======== ENTRIES SUPPLIED
lemma transversal_test_cone_comb:
  assumes "finite I" "distinct l" "set l = I"
    and "finite Ps" "\<forall>P\<in>Ps. partial_order_on I P"
  shows "osp B \<rho> \<Longrightarrow> osp C \<tau> \<Longrightarrow> B \<inter> C = {} \<Longrightarrow> B \<union> C = I \<Longrightarrow>
    transversal_test I l \<tau> \<rho> (cone_comb Ps c)
      = (\<Sum>P\<in>Ps. c P * of_bool (weakly_transversal P \<rho> \<and> lower_wrt P B C \<and> transversal P \<tau>))"
proof (induction \<tau> arbitrary: \<rho> B C)
  case Nil
  then show ?case
    using weak_test_cone_comb[OF assms(1-3) _ assms(4,5)] by simp
next
  case (Cons S Ss)
  then have S: "S \<noteq> {}" "S \<subseteq> C" "osp (C - S) Ss"
    by auto
  then have "finite S"
    using Cons.prems(4) assms(1) finite_subset by blast
  have UB: "\<Union>(set \<rho>) = B" and USs: "\<Union>(set Ss) = C - S"
    using osp_Union Cons.prems(1) S(3) by auto
  define R where "R P \<longleftrightarrow> weakly_transversal P \<rho> \<and> lower_wrt P B S \<and> lower_wrt P (B \<union> S) (C - S) \<and> transversal P Ss"
    for P
  have "transversal_test I l Ss (\<rho> @ \<pi>) (cone_comb Ps c)
      = (\<Sum>P\<in>Ps. c P * of_bool (R P) * of_bool (weakly_transversal P \<pi>))" if "osp S \<pi>" for \<pi>
  proof -
    have "osp (B \<union> S) (\<rho> @ \<pi>)" "(B \<union> S) \<inter> (C - S) = {}" "(B \<union> S) \<union> (C - S) = I"
      using osp_append[OF Cons.prems(1) that] Cons.prems(3,4) S(2) by auto
    moreover have "\<Union>(set \<pi>) = S"
      using osp_Union[OF that] .
    ultimately show ?thesis
      using Cons.IH[OF _ S(3)] by (auto simp: R_def UB weakly_transversal_append intro!: sum.cong)
  qed
  then have "transversal_test I l (S # Ss) \<rho> (cone_comb Ps c)
      = (\<Sum>P\<in>Ps. c P * of_bool (R P) * (-1) ^ card S *
           (\<Sum>\<pi> | osp S \<pi>. (-1) ^ length \<pi> * of_bool (weakly_transversal P \<pi>)))"
    by (simp add: power_add sum_distrib_left sum_distrib_right mult_ac sum.swap[of _ "{\<pi>. osp S \<pi>}"])
  also have "\<dots> = (\<Sum>P\<in>Ps. c P * of_bool (R P \<and> antichain P S))"
  proof (intro sum.cong refl)
    fix P assume "P \<in> Ps"
    then have "partial_order_on I P"
      using assms(5) by blast
    then show "c P * of_bool (R P) * (-1) ^ card S *
          (\<Sum>\<pi> | osp S \<pi>. (-1) ^ length \<pi> * of_bool (weakly_transversal P \<pi>))
        = c P * of_bool (R P \<and> antichain P S)"
      using sum_osp_weakly_transversal[OF \<open>finite S\<close> partial_order_onD(2,3)]
      by (simp flip: power_add)
  qed
  also have "\<dots> = (\<Sum>P\<in>Ps. c P * of_bool (weakly_transversal P \<rho> \<and> lower_wrt P B C \<and> transversal P (S # Ss)))"
  proof -
    have "C = S \<union> (C - S)"
      using S(2) by blast
    then have "lower_wrt P B C \<longleftrightarrow> lower_wrt P B S \<and> lower_wrt P B (C - S)" for P
      by (metis lower_wrt_Un_right)
    then show ?thesis
      by (auto simp: R_def USs lower_wrt_Un_left intro!: sum.cong)
  qed
  finally show ?case .
qed

lemma smult_sum_right: "smult a (\<Sum>i\<in>S. f i) = (\<Sum>i\<in>S. smult a (f i))"
  by (induction S rule: infinite_finite_induct) (simp_all add: smult_add_right)

definition cone_valuation :: "'a set \<Rightarrow> 'a list \<Rightarrow> (('a \<Rightarrow> real) \<Rightarrow> int) \<Rightarrow> int poly" where
  "cone_valuation I l f =
     (\<Sum>Ss | osp I Ss. smult (transversal_test I l Ss [] f) (monom (\<Prod>S\<leftarrow>Ss. fact (card S - 1)) (length Ss)))"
================
WHAT YOU SHOULD DO
Every line of the listing should be reproduced exactly.

WRITTEN SOLUTION
lemma transversal_test_cone_comb:
  assumes "finite I" "distinct l" "set l = I"
    and "finite Ps" "\<forall>P\<in>Ps. partial_order_on I P"
  shows "osp B \<rho> \<Longrightarrow> osp C \<tau> \<Longrightarrow> B \<inter> C = {} \<Longrightarrow> B \<union> C = I \<Longrightarrow>
    transversal_test I l \<tau> \<rho> (cone_comb Ps c)
      = (\<Sum>P\<in>Ps. c P * of_bool (weakly_transversal P \<rho> \<and> lower_wrt P B C \<and> transversal P \<tau>))"
proof (induction \<tau> arbitrary: \<rho> B C)
  case Nil
  then show ?case
    using weak_test_cone_comb[OF assms(1-3) _ assms(4,5)] by simp
next
  case (Cons S Ss)
  then have S: "S \<noteq> {}" "S \<subseteq> C" "osp (C - S) Ss"
    by auto
  then have "finite S"
    using Cons.prems(4) assms(1) finite_subset by blast
  have UB: "\<Union>(set \<rho>) = B" and USs: "\<Union>(set Ss) = C - S"
    using osp_Union Cons.prems(1) S(3) by auto
  define R where "R P \<longleftrightarrow> weakly_transversal P \<rho> \<and> lower_wrt P B S \<and> lower_wrt P (B \<union> S) (C - S) \<and> transversal P Ss"
    for P
  have "transversal_test I l Ss (\<rho> @ \<pi>) (cone_comb Ps c)
      = (\<Sum>P\<in>Ps. c P * of_bool (R P) * of_bool (weakly_transversal P \<pi>))" if "osp S \<pi>" for \<pi>
  proof -
    have "osp (B \<union> S) (\<rho> @ \<pi>)" "(B \<union> S) \<inter> (C - S) = {}" "(B \<union> S) \<union> (C - S) = I"
      using osp_append[OF Cons.prems(1) that] Cons.prems(3,4) S(2) by auto
    moreover have "\<Union>(set \<pi>) = S"
      using osp_Union[OF that] .
    ultimately show ?thesis
      using Cons.IH[OF _ S(3)] by (auto simp: R_def UB weakly_transversal_append intro!: sum.cong)
  qed
  then have "transversal_test I l (S # Ss) \<rho> (cone_comb Ps c)
      = (\<Sum>P\<in>Ps. c P * of_bool (R P) * (-1) ^ card S *
           (\<Sum>\<pi> | osp S \<pi>. (-1) ^ length \<pi> * of_bool (weakly_transversal P \<pi>)))"
    by (simp add: power_add sum_distrib_left sum_distrib_right mult_ac sum.swap[of _ "{\<pi>. osp S \<pi>}"])
  also have "\<dots> = (\<Sum>P\<in>Ps. c P * of_bool (R P \<and> antichain P S))"
  proof (intro sum.cong refl)
    fix P assume "P \<in> Ps"
    then have "partial_order_on I P"
      using assms(5) by blast
    then show "c P * of_bool (R P) * (-1) ^ card S *
          (\<Sum>\<pi> | osp S \<pi>. (-1) ^ length \<pi> * of_bool (weakly_transversal P \<pi>))
        = c P * of_bool (R P \<and> antichain P S)"
      using sum_osp_weakly_transversal[OF \<open>finite S\<close> partial_order_onD(2,3)]
      by (simp flip: power_add)
  qed
  also have "\<dots> = (\<Sum>P\<in>Ps. c P * of_bool (weakly_transversal P \<rho> \<and> lower_wrt P B C \<and> transversal P (S # Ss)))"
  proof -
    have "C = S \<union> (C - S)"
      using S(2) by blast
    then have "lower_wrt P B C \<longleftrightarrow> lower_wrt P B S \<and> lower_wrt P B (C - S)" for P
      by (metis lower_wrt_Un_right)
    then show ?thesis
      by (auto simp: R_def USs lower_wrt_Un_left intro!: sum.cong)
  qed
  finally show ?case .
qed

lemma smult_sum_right: "smult a (\<Sum>i\<in>S. f i) = (\<Sum>i\<in>S. smult a (f i))"
  by (induction S rule: infinite_finite_induct) (simp_all add: smult_add_right)

definition cone_valuation :: "'a set \<Rightarrow> 'a list \<Rightarrow> (('a \<Rightarrow> real) \<Rightarrow> int) \<Rightarrow> int poly" where
  "cone_valuation I l f =
     (\<Sum>Ss | osp I Ss. smult (transversal_test I l Ss [] f) (monom (\<Prod>S\<leftarrow>Ss. fact (card S - 1)) (length Ss)))"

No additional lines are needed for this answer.